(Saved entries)
---*---

theorem theorem5:
  shows "\<exists>C. wf_classifier 3 C \<and>
    (\<forall>G :: nat graph. ugraph 3 G \<longrightarrow>
       (\<forall>v\<in>verts G. accepts C G v \<longleftrightarrow> phi_GadLin G v))"
proof (intro exI conjI allI impI ballI)
  define gad_lin :: "nat multiset \<Rightarrow> bool" where
    "gad_lin M \<longleftrightarrow> (\<exists>G' :: nat graph. strict_linear_order G' \<and> M = colour_histogram 4 (gad G'))" for M
  show "wf_classifier 3 (wl_classifier 3 3 gad_lin)"
    by (rule wf_wl_classifier)
  fix G :: "nat graph" and v assume "ugraph 3 G"
  then have G: "finite (verts G)" "edges G \<subseteq> verts G \<times> verts G"
    unfolding ugraph_def dgraph_def by auto
  have "graph_iso G (gad G') \<longleftrightarrow> colour_histogram 4 G = colour_histogram 4 (gad G')"
    if "strict_linear_order G'" for G' :: "nat graph"
    using graph_iso_iff_colour_histogram_eq[OF inj_on_wl_colour_gad[OF that] G(1) _ G(2) edges_gad_subset]
      finite_verts_gad[OF strict_linear_order_finite_edges[OF that]] by simp
  then show "accepts (wl_classifier 3 3 gad_lin) G v \<longleftrightarrow> phi_GadLin G v"
    unfolding accepts_wl_classifier phi_GadLin_def gad_lin_def by auto
qed

end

---*---

What the exercise asks: Print, without alteration, only the lines above between the one holding "3 (wl_classifier 3" and the one holding "unfolding ugraph_def dgraph_def by auto", inclusive.

Response area:
  show "wf_classifier 3 (wl_classifier 3 3 gad_lin)"
    by (rule wf_wl_classifier)
  fix G :: "nat graph" and v assume "ugraph 3 G"
  then have G: "finite (verts G)" "edges G \<subseteq> verts G \<times> verts G"
    unfolding ugraph_def dgraph_def by auto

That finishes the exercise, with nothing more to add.